"But, father," Bud said earnestly, "I want to stand up for everything that's right. I want to be straight and honest, and help people, and I've just been thinkin' about it—it's not fair to plug wheat the way we've been doing—it's not right to pretend that it's all first class when there's frozen grain in it."
Thomas Perkins grew serious.
"Buddie, dear," he said, "you're gettin' cluttered up with a lot of bum ideas. A farmer has to hold his own against everybody else. They're all trying to fleece him, and he's got to fool them if he can. I'm honest myself, Bud, you know that; but there's nothing pleases me quite so well as to be able to get eighty-seven cents a bushel for wheat that I would only be gettin' fifty-three for if I hadn't taken a little trouble when I was fillin' it up."
"But it would make a fellow feel mean to get caught," Bud said, trying to get hold of an argument that would have weight.

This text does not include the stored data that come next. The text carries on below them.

theorem lemma5p1:
  fixes i :: nat
  shows "(\<exists>\<phi>. ring_hom_on (quotA (i + 1)) (quotA i) \<phi> \<and> phi_gens i \<phi>) \<and>
         (\<forall>\<phi>. ring_hom_on (quotA (i + 1)) (quotA i) \<phi> \<and> phi_gens i \<phi> \<longrightarrow>
               comod_map i (quotA (i + 1)) \<phi>)"
proof (intro conjI allI impI)
  show "\<exists>\<phi>. ring_hom_on (quotA (i + 1)) (quotA i) \<phi> \<and> phi_gens i \<phi>"
    using shift_hom shift_gens by blast
next
  fix phi
  assume "ring_hom_on (quotA (i + 1)) (quotA i) phi \<and> phi_gens i phi"
  then have phi: "a \<in> quotA (i + 1) \<Longrightarrow> phi a = shift a" for a
    using phi_eq_shift by blast
  show "comod_map i (quotA (i + 1)) phi"
    unfolding comod_map_def
  proof
    fix a assume a: "a \<in> quotA (i + 1)"
    have "coact i (phi a) = truncL i (peval (\<lambda>k. psi (shift_subst k)) a)"
      by (simp add: coact_def phi[OF a] psi_peval peval_comp)
    also have "\<dots> = truncL i (peval (\<lambda>k. peval (id_tensor_subst shift_subst) (psi_gen k)) a)"
      using comodule_defect[OF a] by (rule truncL_eq[symmetric])
    also have "\<dots> = truncL i (idtens shift (psi a))"
      by (simp add: idtens_peval psi_peval peval_comp)
    also have "idtens shift (psi a) = idtens phi (psi a)"
    proof (rule idtens_cong)
      fix m assume "m \<in> Poly_Mapping.keys (psi a)"
      then have "right_quot_mon i m" using psi_in[OF a] by (simp add: supported_def)
      then show "shift (right_factor m) = phi (right_factor m)"
        using phi right_factor_in by metis
    qed
    finally show "coact i (phi a) = truncL i (idtens phi (psi a))" .
  qed
qed

end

"A fellow needn't be caught, Bud, if he ain't too graspin'. You don't need to plug every time. They know blame well when a fellow has some frozen wheat, and it don't do to draw in No. I hard or No. I Northern every time. It's safest to plug it just one grade above what it is. Oh, it's a game, Bud, and it takes a good player. Now, son, you run along and bring up the cows, and don't you be worryin' about religion. That's what happened me brother Jimmy, your own poor uncle. He got all taken up with the Seventh Day Adventists, and his hired help was gettin' two Sundays a week—he wouldn't let them work Saturday and they wouldn't work Sunday. Your poor uncle was afraid to let them work on Saturday, for, accordin' to his religion, you'd be damned if you let your hired help work just the same as if you worked yourself; but he used to say he'd be damned if he'd let them sit idle and him payin' them big wages, and it was a bad mix-up, I tell you. And then there was old man Redmond, he got religion and began to give back things he said he'd stole—brought back bags to Steadman that he 'said he stole at a threshin' at my place; but they had Steadman's name on them. It made lots of trouble, Bud, and I never saw anything but trouble come out of this real rip-roarin' Methodist religion, and I don't want you to get mixed up in it."
Bud went down the ravine that led to the river with a troubled heart. There was something sweet and satisfying just within reach, but it eluded him as he tried to grasp it. Bud had never heard of conviction of sin, repentance and justification, but he knew that a mysterious something was struggling within him. He found the cows, and turned them homeward. Then he flung himself on the grassy slope of the river-bank and gave himself to bitter reflections. "There is no use of me tryin' to be anybody," he thought sadly. "I don't know anything, and I'd just make a fool of myself if I was to try to do anything."
A flock of plovers circled over his head, rapidly whirring their wings, then sailing easily higher and higher into the blue of the evening sky. He looked after them enviously.
"Things don't bother those chaps," he said to himself.
He started up suddenly. Some one was calling his name. Looking across the ravine, he saw Pearl Watson standing outside the fence.
"Hello, Bud!" she shouted. "What's wrong?"